Ébranlée par la mort de l’homme avec lequel elle partage sa vie, Diane Dupré la Tour décide de changer les règles du jeu qui régissent son existence. Elle cofonde, en 2016, Les Petites Cantines, des restaurants participatifs où vient cuisiner qui veut et vient manger qui veut, pour un prix libre. Le but n’est pas d’en tirer profit, mais de relier les gens les uns aux autres.
Dans ce récit qui tisse ensemble l’intime et l’universel, elle raconte son chemin personnel de retour à la vie et la naissance d’un projet qui redonne à d’autres l’appétit de vivre.

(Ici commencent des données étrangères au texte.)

lemma integral_y_noise_averaged:
  "(\<integral>s. (x (Suc n) s - xstar - \<rho> * y (Suc n) s) * y (Suc (Suc n)) s \<partial>M)
    = - \<rho> * (1 - \<beta>) * (\<integral>s. (y (Suc n) s)\<^sup>2 \<partial>M)
      + \<mu> * (h \<omega> * g \<omega>) * (\<integral>s. (x n s - xstar)\<^sup>2 \<partial>M)
      + \<mu> * (h \<omega> * g \<omega>) * ((3 * \<rho>\<^sup>2 + (g \<omega>)\<^sup>2) / 2) * (\<integral>s. (y n s)\<^sup>2 \<partial>M)
      - 3 * \<mu> * \<rho> * (h \<omega> * g \<omega>) * (\<integral>s. (x n s - xstar) * y n s \<partial>M)
      + (1 - \<beta> - \<mu> * \<rho> * (h \<omega> * g \<omega>)) * (\<integral>s. (x n s - xstar - \<rho> * y n s) * y (Suc n) s \<partial>M)
      + \<mu> * (h \<omega> * g \<omega>) * (g \<omega>)\<^sup>2 * \<epsilon> / 2 * (\<epsilon> + 2 * (\<integral>s. \<bar>y n s\<bar> \<partial>M))"
    (is "_ = ?rhs")
proof -
  define \<Phi> where "\<Phi> s v = (x n s - xstar - \<rho> * y n s + ghat g \<epsilon> (y n s) v - \<rho> * y (Suc n) s)
    * ((1 - \<beta>) * y (Suc n) s
       + hhat h \<epsilon> (y n s) v * (J (x n s - \<rho> * y n s + ghat g \<epsilon> (y n s) v) - J (x n s)))" for s v
  define R where "R s = - \<rho> * (1 - \<beta>) * (y (Suc n) s)\<^sup>2
      + \<mu> * (h \<omega> * g \<omega>) * (x n s - xstar)\<^sup>2
      + \<mu> * (h \<omega> * g \<omega>) * ((3 * \<rho>\<^sup>2 + (g \<omega>)\<^sup>2) / 2) * (y n s)\<^sup>2
      - 3 * \<mu> * \<rho> * (h \<omega> * g \<omega>) * ((x n s - xstar) * y n s)
      + (1 - \<beta> - \<mu> * \<rho> * (h \<omega> * g \<omega>)) * ((x n s - xstar - \<rho> * y n s) * y (Suc n) s)
      + \<mu> * (h \<omega> * g \<omega>) * (g \<omega>)\<^sup>2 * \<epsilon> / 2 * (\<epsilon> + 2 * \<bar>y n s\<bar>)" for s
  have [measurable]: "x n \<in> borel_measurable (past M w n)" "y n \<in> borel_measurable (past M w n)"
      "y (Suc n) \<in> borel_measurable (past M w n)"
    using measurable_past_iterates by auto
  have bounded: "bounded_on (space M) (x n)" "bounded_on (space M) (y n)" "bounded_on (space M) (y (Suc n))"
    using bounded_on_iterates by auto
  have average: "(\<Phi> s \<omega> + \<Phi> s (- \<omega>)) / 2 = R s" for s
  proof -
    have J_diff: "J (x n s - \<rho> * y n s + c) - J (x n s)
        = \<mu> / 2 * ((x n s - xstar - \<rho> * y n s + c)\<^sup>2 - (x n s - xstar)\<^sup>2)" for c
      by (simp add: J_quadratic algebra_simps)
    show ?thesis
      unfolding \<Phi>_def R_def ghat_def hhat_def g_odd h_odd J_diff
      using sign_average_identity[OF \<epsilon>_pos, where a = "x n s - xstar" and b = "y n s" and z = "y (Suc n) s"
          and G = "g \<omega>" and H = "h \<omega>" and \<rho> = \<rho> and \<beta> = \<beta> and \<mu> = \<mu>]
      by simp
  qed
  have "(\<integral>s. (x (Suc n) s - xstar - \<rho> * y (Suc n) s) * y (Suc (Suc n)) s \<partial>M)
      = (\<integral>s. \<Phi> s (w n s) \<partial>M)"
    by (intro Bochner_Integration.integral_cong) (simp_all add: \<Phi>_def x_step y_step algebra_simps)
  also have "\<dots> = (\<integral>s. (\<Phi> s \<omega> + \<Phi> s (- \<omega>)) / 2 \<partial>M)"
  proof (rule integral_average_over_w)
    show "(\<lambda>s. \<Phi> s \<omega>) \<in> borel_measurable (past M w n)"
      "(\<lambda>s. \<Phi> s (- \<omega>)) \<in> borel_measurable (past M w n)"
      unfolding \<Phi>_def ghat_def hhat_def by measurable
    show "bounded_on (space M) (\<lambda>s. \<Phi> s \<omega>)" "bounded_on (space M) (\<lambda>s. \<Phi> s (- \<omega>))"
      unfolding \<Phi>_def
      by (intro bounded_on_add bounded_on_diff bounded_on_mult bounded_on_ghat bounded_on_hhat
          bounded_on_J bounded_on_const bounded \<epsilon>_pos)+
  qed
  also have "\<dots> = (\<integral>s. R s \<partial>M)"
    by (simp add: average)
  also have "\<dots> = ?rhs"
  proof -
    have "integrable M (\<lambda>s. (y (Suc n) s)\<^sup>2)" "integrable M (\<lambda>s. (x n s - xstar)\<^sup>2)"
      "integrable M (\<lambda>s. (y n s)\<^sup>2)" "integrable M (\<lambda>s. (x n s - xstar) * y n s)"
      "integrable M (\<lambda>s. (x n s - xstar - \<rho> * y n s) * y (Suc n) s)" "integrable M (\<lambda>s. \<bar>y n s\<bar>)"
      by (intro integrable_bounded_on[OF finite_measure_axioms] bounded_on_mult bounded_on_diff bounded_on_power bounded_on_abs
          bounded_on_const bounded; measurable)+
    then show ?thesis
      unfolding R_def by (simp add: prob_space)
  qed
  finally show ?thesis .
qed
definition is_line :: "('v \<Rightarrow> 'v \<Rightarrow> bool) \<Rightarrow> (nat \<Rightarrow> 'v) set \<Rightarrow> (nat \<Rightarrow> 'v) set \<Rightarrow> (int \<Rightarrow> 'v) \<Rightarrow> bool" where
  "is_line adj \<omega>m \<omega>p l \<longleftrightarrow> (\<forall>n. adj (l n) (l (n + 1)) \<and> l n \<noteq> l (n + 2))
     \<and> (\<lambda>i. l (int i)) \<in> \<omega>p \<and> (\<lambda>i. l (- int i)) \<in> \<omega>m"

definition aut :: "('v \<Rightarrow> 'v \<Rightarrow> bool) \<Rightarrow> ('v \<Rightarrow> 'v) set" where
  "aut adj = {g. bij g \<and> (\<forall>x y. adj x y \<longleftrightarrow> adj (g x) (g y))}"

definition bact :: "('v \<Rightarrow> 'v) \<Rightarrow> (nat \<Rightarrow> 'v) set \<Rightarrow> (nat \<Rightarrow> 'v) set" where
  "bact g \<omega> = (\<lambda>f. g \<circ> f) ` \<omega>"

definition tpow :: "('v \<Rightarrow> 'v) \<Rightarrow> int \<Rightarrow> 'v \<Rightarrow> 'v" where
  "tpow t j = (if 0 \<le> j then t ^^ nat j else inv t ^^ nat (- j))"

definition stabK :: "('v \<Rightarrow> 'v \<Rightarrow> bool) \<Rightarrow> 'v \<Rightarrow> ('v \<Rightarrow> 'v) set" where
  "stabK adj o' = {k \<in> aut adj. k o' = o'}"

definition Bplus :: "('v \<Rightarrow> 'v \<Rightarrow> bool) \<Rightarrow> (nat \<Rightarrow> 'v) set \<Rightarrow> ('v \<Rightarrow> 'v) set" where
  "Bplus adj \<omega>p = {n \<in> aut adj. bact n \<omega>p = \<omega>p \<and> (\<exists>v. n v = v)}"

definition Hc :: "('v \<Rightarrow> 'v \<Rightarrow> bool) \<Rightarrow> 'v \<Rightarrow> (nat \<Rightarrow> 'v) set \<Rightarrow> ('v \<Rightarrow> 'v) \<Rightarrow> ('v \<Rightarrow> 'v) \<Rightarrow> int" where
  "Hc adj o' \<omega>p t g = (THE j. \<exists>k n. k \<in> stabK adj o' \<and> n \<in> Bplus adj \<omega>p \<and> g = k \<circ> n \<circ> tpow t j)"

text \<open>d_{s,s'}(gM) = q^{(1/2+is)H(g)} q^{(1/2+is')H(gr)}, written as a function of the
  representative g.\<close>
definition dfun :: "('v \<Rightarrow> 'v \<Rightarrow> bool) \<Rightarrow> nat \<Rightarrow> 'v \<Rightarrow> (nat \<Rightarrow> 'v) set \<Rightarrow> ('v \<Rightarrow> 'v) \<Rightarrow> ('v \<Rightarrow> 'v)
     \<Rightarrow> complex \<Rightarrow> complex \<Rightarrow> ('v \<Rightarrow> 'v) \<Rightarrow> complex" where
  "dfun adj q o' \<omega>p t r s s' g =
     (complex_of_nat q) powr ((1/2 + \<i> * s) * of_int (Hc adj o' \<omega>p t g)) *
     (complex_of_nat q) powr ((1/2 + \<i> * s') * of_int (Hc adj o' \<omega>p t (g \<circ> r)))"

end
(* Let $(H,G,\alpha,f)$ be a normalized crossed system and let $H\times G$ denote the direct product of groups. There is a bijection between the set of group homomorphisms $\psi:H\#_\alpha^f G\to H\times G$ and the set of quadruples $(s,u,r,v)$, where $s:H\to G$ and $u:H\to H$ are group homomorphisms and $r:G\to H$, $v:G\to G$ are maps, satisfying for all $g,g_1,g_2\in G$, $h\in H$: $$v(g_1)v(g_2)=s(f(g_1,g_2))v(g_1g_2),\quad r(g)u(h)=u(g\triangleright h)r(g),$$ $$r(g_1)r(g_2)=u(f(g_1,g_2))r(g_1g_2),\quad v(g)s(h)=s(g\triangleright h)v(g).$$ Under this bijection $\psi(h,g)=\big(u(h)r(g),\ s(h)v(g)\big)$.
   Context: For groups $H,G$ and a map $\alpha:G\to\mathrm{Aut}(H)$ write $g\triangleright h:=\alpha(g)(h)$. A normalized crossed system is a quadruple $(H,G,\alpha,f)$ with maps $\alpha:G\to\mathrm{Aut}(H)$, $f:G\times G\to H$, $f(1,1)=1$, such that for all $g_1,g_2,g_3\in G$, $h\in H$: (WA) $g_1\triangleright(g_2\triangleright h)=f(g_1,g_2)\big((g_1g_2)\triangleright h\big)f(g_1,g_2)^{-1}$ and (CC) $f(g_1,g_2)f(g_1g_2,g_3)=\big(g_1\triangleright f(g_2,g_3)\big)f(g_1,g_2g_3)$. The crossed product $H\#_\alpha^f G$ is the group on the set $H\times G$ with multiplication $(h_1,g_1)\cdot(h_2,g_2)=\big(h_1(g_1\triangleright h_2)f(g_1,g_2),g_1g_2\big)$ and unit $(1,1)$. *)

theory Defs
  imports "HOL-Algebra.Group" "HOL-Library.FuncSet"
begin
definition iso_moves :: "nat \<Rightarrow> (nat \<Rightarrow> nat) \<Rightarrow> nat list \<Rightarrow> (nat \<Rightarrow> nat \<Rightarrow> real)
    \<Rightarrow> nat list \<Rightarrow> (nat \<Rightarrow> nat \<Rightarrow> real) \<Rightarrow> bool" where
  "iso_moves m \<rho> r D r' D' \<longleftrightarrow>
     length r' = m \<and> (\<forall>i<m. r' ! (\<rho> i) = r ! i) \<and>
     (\<forall>p q. \<not> (p < sum_list r' \<and> q < sum_list r') \<longrightarrow> D' p q = 0) \<and>
     (\<forall>i<m. \<forall>j<m. \<forall>a<r ! i. \<forall>b<r ! j.
        D' (off r' (\<rho> i) + a) (off r' (\<rho> j) + b) = D (off r i + a) (off r j + b))"

text \<open>Equality in (\<Squnion> Met_n/(S_{r_1}\<times>...\<times>S_{r_m}))/Iso(X): the Iso(X)-action on
  section-classes relates the two classes.\<close>
definition target_rel :: "nat \<Rightarrow> (nat \<Rightarrow> nat \<Rightarrow> real) \<Rightarrow> nat list \<Rightarrow> (nat \<Rightarrow> nat \<Rightarrow> real)
    \<Rightarrow> nat list \<Rightarrow> (nat \<Rightarrow> nat \<Rightarrow> real) \<Rightarrow> bool" where
  "target_rel m dX r D r' D' \<longleftrightarrow>
     (\<exists>\<rho> D1 D2. isoX m dX \<rho> \<and> sect_equiv m r D D1 \<and> sect_equiv m r' D' D2 \<and>
                iso_moves m \<rho> r D1 r' D2)"

definition fiber_sizes :: "nat \<Rightarrow> 'a set \<Rightarrow> ('a \<Rightarrow> nat) \<Rightarrow> nat list" where
  "fiber_sizes m Y f = map (\<lambda>i. card {y\<in>Y. f y = i}) [0..<m]"

definition labelling :: "nat \<Rightarrow> 'a set \<Rightarrow> ('a \<Rightarrow> nat) \<Rightarrow> (nat \<Rightarrow> 'a) \<Rightarrow> bool" where
  "labelling m Y f l \<longleftrightarrow>
     bij_betw l {..<sum_list (fiber_sizes m Y f)} Y \<and>
     (\<forall>i<m. l ` sect (fiber_sizes m Y f) i = {y\<in>Y. f y = i})"

definition dist_matrix :: "nat \<Rightarrow> ('a \<Rightarrow> 'a \<Rightarrow> real) \<Rightarrow> (nat \<Rightarrow> 'a) \<Rightarrow> nat \<Rightarrow> nat \<Rightarrow> real" where
  "dist_matrix n dY l = (\<lambda>p q. if p < n \<and> q < n then dY (l p) (l q) else 0)"

end

theory Submission
  imports Defs "HOL-Library.Disjoint_Sets"
begin

text \<open>
  The equivalence of lines and the relation on classes of matrices both amount to the
  existence of a pair \<open>(\<rho>, \<pi>)\<close>:
  an isometry \<open>\<rho>\<close> of \<open>X\<close> and a bijection \<open>\<pi>\<close> of indices carrying the \<open>i\<close>-th section of the
  first tuple onto the \<open>\<rho>(i)\<close>-th section of the second, along which the two distance matrices
  agree (\<open>sect_bij\<close> together with a distance condition).
  On the matrix side, the permutations within sections are absorbed into \<open>\<pi>\<close>, and the
  \<open>Iso(X)\<close>-action is the rigid translation of sections \<open>sect_shift\<close>.
  On the side of lines, \<open>\<pi>\<close> corresponds to the isometry \<open>l' \<circ> \<pi> \<circ> l\<^sup>-\<^sup>1\<close> of the total spaces,
  which covers \<open>\<rho>\<close> because labellings map sections onto fibres.
  Surjectivity is witnessed by the line on \<open>{..<n}\<close> with the given matrix as metric and the
  section index as projection.
\<close>

lemma off_Suc: "i < length r \<Longrightarrow> off r (Suc i) = off r i + r ! i"
  by (simp add: off_def take_Suc_conv_app_nth)

lemma card_sect [simp]: "card (sect r i) = r ! i"
  by (simp add: sect_def)

lemma UN_sect_lessThan_off: "k \<le> length r \<Longrightarrow> (\<Union>i<k. sect r i) = {..<off r k}"
proof (induction k)
  case 0
  then show ?case by (simp add: off_def)
next
  case (Suc k)
  then have "(\<Union>i<Suc k. sect r i) = {..<off r k} \<union> {off r k..<off r k + r ! k}"
    by (simp add: lessThan_Suc sect_def Un_commute)
  also have "\<dots> = {..<off r (Suc k)}"
    using Suc.prems by (auto simp: off_Suc)
  finally show ?case .
qed

lemma UN_sect: "(\<Union>i<length r. sect r i) = {..<sum_list r}"
  using UN_sect_lessThan_off[of "length r" r] by (simp add: off_def)

lemma sect_subset: "i < length r \<Longrightarrow> sect r i \<subseteq> {..<sum_list r}"
  using UN_sect[of r] by blast

lemma off_add_less_sum_list:
  assumes "i < length r" "a < r ! i"
  shows "off r i + a < sum_list r"
proof -
  have "off r i + a \<in> sect r i"
    using assms(2) by (simp add: sect_def)
  then show ?thesis
    using sect_subset[OF assms(1)] by blast
qed

lemma sect_disjoint:
  assumes "i < length r" "j < length r" "i \<noteq> j"
  shows "sect r i \<inter> sect r j = {}"
proof -
  have disj: "sect r i \<inter> sect r j = {}" if "i < j" "j < length r" for i j
  proof -
    have "sect r i \<subseteq> {..<off r j}"
      using UN_sect_lessThan_off[of j r] that by auto
    moreover have "sect r j \<subseteq> {off r j..}"
      by (auto simp: sect_def)
    ultimately show ?thesis by fastforce
  qed
  show ?thesis
    using assms disj[of i j] disj[of j i] by (cases "i < j") auto
qed

definition sect_index :: "nat list \<Rightarrow> nat \<Rightarrow> nat" where
  "sect_index r p = (THE i. i < length r \<and> p \<in> sect r i)"

lemma sect_index_eq: "i < length r \<Longrightarrow> p \<in> sect r i \<Longrightarrow> sect_index r p = i"
  unfolding sect_index_def by (rule the_equality) (use sect_disjoint in blast)+

lemma sect_index:
  assumes "p < sum_list r"
  shows "sect_index r p < length r" and "p \<in> sect r (sect_index r p)"
proof -
  obtain i where "i < length r" "p \<in> sect r i"
    using assms UN_sect[of r] by blast
  then show "sect_index r p < length r" "p \<in> sect r (sect_index r p)"
    using sect_index_eq by auto
qed

lemma sect_offsetE:
  assumes "p < sum_list r"
  obtains i a where "i < length r" "a < r ! i" "p = off r i + a"
  using sect_index[OF assms] that[of "sect_index r p" "p - off r (sect_index r p)"]
  by (auto simp: sect_def)

definition sect_bij :: "nat \<Rightarrow> nat list \<Rightarrow> nat list \<Rightarrow> (nat \<Rightarrow> nat) \<Rightarrow> (nat \<Rightarrow> nat) \<Rightarrow> bool" where
  "sect_bij m r r' \<rho> \<pi> \<longleftrightarrow> (\<forall>i<m. bij_betw \<pi> (sect r i) (sect r' (\<rho> i)))"

lemma sect_bij_nth: "sect_bij m r r' \<rho> \<pi> \<Longrightarrow> i < m \<Longrightarrow> r' ! \<rho> i = r ! i"
  unfolding sect_bij_def by (metis bij_betw_same_card card_sect)

lemma sect_bij_bij_betw:
  assumes "length r = m" "length r' = m" and \<rho>: "bij_betw \<rho> {..<m} {..<m}"
    and \<pi>: "sect_bij m r r' \<rho> \<pi>"
  shows "bij_betw \<pi> {..<sum_list r} {..<sum_list r'}"
proof -
  have "sect r' (\<rho> i) \<inter> sect r' (\<rho> j) = {}" if "i < m" "j < m" "i \<noteq> j" for i j
  proof -
    have "\<rho> i < m" "\<rho> j < m" "\<rho> i \<noteq> \<rho> j"
      using that \<rho> by (auto simp: bij_betw_def inj_on_def)
    then show ?thesis
      using sect_disjoint assms(2) by blast
  qed
  then have "disjoint_family_on (\<lambda>i. sect r' (\<rho> i)) {..<m}"
    by (auto simp: disjoint_family_on_def)
  then have "bij_betw \<pi> (\<Union>i<m. sect r i) (\<Union>i<m. sect r' (\<rho> i))"
    by (rule bij_betw_UNION_disjoint) (use \<pi> in \<open>simp add: sect_bij_def\<close>)
  moreover have "(\<Union>i<m. sect r' (\<rho> i)) = (\<Union>j\<in>\<rho> ` {..<m}. sect r' j)"
    by simp
  ultimately show ?thesis
    using UN_sect[of r] UN_sect[of r'] bij_betw_imp_surj_on[OF \<rho>] assms(1,2) by simp
qed

lemma sect_bij_inv_into:
  assumes "bij_betw \<pi> {..<sum_list r} {..<sum_list r'}" "length r = m"
    and "sect_bij m r r' \<rho> \<pi>" "i < m"
  shows "bij_betw (inv_into {..<sum_list r} \<pi>) (sect r' (\<rho> i)) (sect r i)"
proof -
  have "\<pi> ` sect r i = sect r' (\<rho> i)"
    using assms(3,4) bij_betw_imp_surj_on unfolding sect_bij_def by blast
  then show ?thesis
    using bij_betw_inv_into_subset[OF assms(1) sect_subset] assms(2,4) by simp
qed

lemma sect_bij_comp:
  assumes "sect_bij m r r' \<rho> \<pi>" "sect_bij m r' r'' \<rho>' \<pi>'" "\<forall>i<m. \<rho> i < m"
  shows "sect_bij m r r'' (\<rho>' \<circ> \<rho>) (\<pi>' \<circ> \<pi>)"
  unfolding sect_bij_def
proof (intro allI impI)
  fix i assume "i < m"
  then have "bij_betw \<pi> (sect r i) (sect r' (\<rho> i))"
    and "bij_betw \<pi>' (sect r' (\<rho> i)) (sect r'' (\<rho>' (\<rho> i)))"
    using assms unfolding sect_bij_def by simp_all
  then have "bij_betw (\<pi>' \<circ> \<pi>) (sect r i) (sect r'' (\<rho>' (\<rho> i)))"
    by (rule bij_betw_trans)
  then show "bij_betw (\<pi>' \<circ> \<pi>) (sect r i) (sect r'' ((\<rho>' \<circ> \<rho>) i))"
    by simp
qed

lemma bij_betw_shift_atLeastLessThan:
  "bij_betw (\<lambda>p. p - a + b) {a..<a + c} {b..<b + (c::nat)}"
  by (rule bij_betw_byWitness[where f' = "\<lambda>q. q - b + a"]) auto

definition sect_shift :: "nat list \<Rightarrow> nat list \<Rightarrow> (nat \<Rightarrow> nat) \<Rightarrow> nat \<Rightarrow> nat" where
  "sect_shift r r' \<rho> p = p - off r (sect_index r p) + off r' (\<rho> (sect_index r p))"

lemma sect_shift_off:
  "i < length r \<Longrightarrow> a < r ! i \<Longrightarrow> sect_shift r r' \<rho> (off r i + a) = off r' (\<rho> i) + a"
  using sect_index_eq[of i r "off r i + a"] by (simp add: sect_shift_def sect_def)

lemma sect_bij_sect_shift:
  assumes "length r = m" and "\<forall>i<m. r' ! \<rho> i = r ! i"
  shows "sect_bij m r r' \<rho> (sect_shift r r' \<rho>)"
  unfolding sect_bij_def
proof (intro allI impI)
  fix i assume i: "i < m"
  let ?t = "\<lambda>p. p - off r i + off r' (\<rho> i)"
  have "r' ! \<rho> i = r ! i"
    using assms(2) i by blast
  then have t: "bij_betw ?t (sect r i) (sect r' (\<rho> i))"
    unfolding sect_def by (metis bij_betw_shift_atLeastLessThan)
  have eq: "sect_shift r r' \<rho> p = ?t p" if "p \<in> sect r i" for p
  proof -
    have "sect_index r p = i"
      using sect_index_eq that i assms(1) by blast
    then show ?thesis
      by (simp add: sect_shift_def)
  qed
  show "bij_betw (sect_shift r r' \<rho>) (sect r i) (sect r' (\<rho> i))"
    by (rule bij_betw_cong[THEN iffD2, OF eq t])
qed
lemma deg_eq_0_outside: "simple_graph V E \<Longrightarrow> u \<notin> V \<Longrightarrow> deg E u = 0"
  unfolding deg_def using simple_graph_edge_subset simple_graph_finite_edges by fastforce

lemma deg_Un_disjoint:
  assumes "finite E" "finite F" "E \<inter> F = {}"
  shows "deg (E \<union> F) u = deg E u + deg F u"
proof -
  have "{e \<in> E \<union> F. u \<in> e} = {e \<in> E. u \<in> e} \<union> {e \<in> F. u \<in> e}" by blast
  then show ?thesis
    unfolding deg_def using assms by (simp add: card_Un_disjoint disjoint_iff)
qed

lemma sum_edges_restrict_eq_sum_deg:
  fixes g :: "'a \<Rightarrow> 'b::comm_semiring_1"
  assumes "finite W" "finite E"
  shows "(\<Sum>e\<in>E. \<Sum>u\<in>{u \<in> W. u \<in> e}. g u) = (\<Sum>u\<in>W. g u * of_nat (deg E u))"
  using sum.swap_restrict[OF assms(2,1), of "\<lambda>_ u. g u" "\<lambda>e u. u \<in> e"]
  by (simp add: deg_def mult.commute)

lemma sum_edges_eq_sum_deg:
  fixes g :: "'a \<Rightarrow> 'b::comm_semiring_1"
  assumes "simple_graph V E"
  shows "(\<Sum>e\<in>E. \<Sum>u\<in>e. g u) = (\<Sum>u\<in>V. g u * of_nat (deg E u))"
proof -
  have "{u \<in> V. u \<in> e} = e" if "e \<in> E" for e
    using simple_graph_edge_subset[OF assms that] by blast
  then show ?thesis
    using sum_edges_restrict_eq_sum_deg[of V E g] assms
    by (simp add: simple_graph_def simple_graph_finite_edges)
qed

lemma card_eq_sum_deg_if_one_endpoint:
  assumes "finite W" "finite F" "\<And>e. e \<in> F \<Longrightarrow> card {u \<in> W. u \<in> e} = 1"
  shows "card F = (\<Sum>u\<in>W. deg F u)"
  using sum_edges_restrict_eq_sum_deg[OF assms(1,2), of "\<lambda>_. 1::nat"] assms(3) by simp

lemma sum_deg_eq_twice_card:
  assumes "simple_graph V E"
  shows "(\<Sum>u\<in>V. deg E u) = 2 * card E"
  using sum_edges_eq_sum_deg[OF assms, of "\<lambda>_. 1::nat"]
  by (simp add: simple_graph_card_edge[OF assms])

lemma mean_deg_eq_sum_deg_sq:
  assumes "simple_graph V E"
  shows "mean_deg E = (\<Sum>u\<in>V. real (deg E u) ^ 2) / (2 * real (card E))"
  using sum_edges_eq_sum_deg[OF assms, of "\<lambda>u. real (deg E u)"]
  by (simp add: mean_deg_def sum_divide_distrib[symmetric] power2_eq_square)

lemma assort_den_eq_sum_deg_cube:
  assumes "simple_graph V E"
  shows "assort_den E = (\<Sum>u\<in>V. real (deg E u) ^ 3) / (2 * real (card E)) - (mean_deg E)\<^sup>2"
  using sum_edges_eq_sum_deg[OF assms, of "\<lambda>u. real (deg E u) ^ 2"]
  by (simp add: assort_den_def sum_divide_distrib[symmetric] power2_eq_square power3_eq_cube mult_ac)

lemma assort_den_nonneg:
  assumes "simple_graph V E"
  shows "0 \<le> assort_den E"
proof (cases "card E = 0")
  case True
  then show ?thesis by (simp add: assort_den_def mean_deg_def)
next
  case False
  define d where "d u = real (deg E u)" for u
  define m where "m = real (card E)"
  define \<mu> where "\<mu> = mean_deg E"
  have m: "m > 0" using False by (simp add: m_def)
  have "0 \<le> (\<Sum>u\<in>V. d u * (d u - \<mu>)\<^sup>2)"
    by (intro sum_nonneg) (simp add: d_def)
  also have "\<dots> = (\<Sum>u\<in>V. d u ^ 3) - 2 * \<mu> * (\<Sum>u\<in>V. d u ^ 2) + \<mu>\<^sup>2 * (\<Sum>u\<in>V. d u)"
    by (simp add: power2_eq_square power3_eq_cube algebra_simps sum.distrib sum_subtractf
        sum_distrib_left)
  also have "\<dots> = 2 * m * assort_den E"
    using m mean_deg_eq_sum_deg_sq[OF assms] assort_den_eq_sum_deg_cube[OF assms]
      arg_cong[OF sum_deg_eq_twice_card[OF assms], of real]
    by (simp add: d_def m_def \<mu>_def field_simps power2_eq_square of_nat_sum)
  finally show ?thesis using m by (simp add: zero_le_mult_iff)
qed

Diane Dupré la Tour, née en 1981, a débuté comme journaliste dans la presse économique. En 2020, elle a reçu la distinction internationale de Fellow Ashoka, qui soutient et accompagne des entrepreneurs sociaux visionnaires, capables de transformer en profondeur le fonctionnement de notre société. Comme à la maison est son premier ouvrage.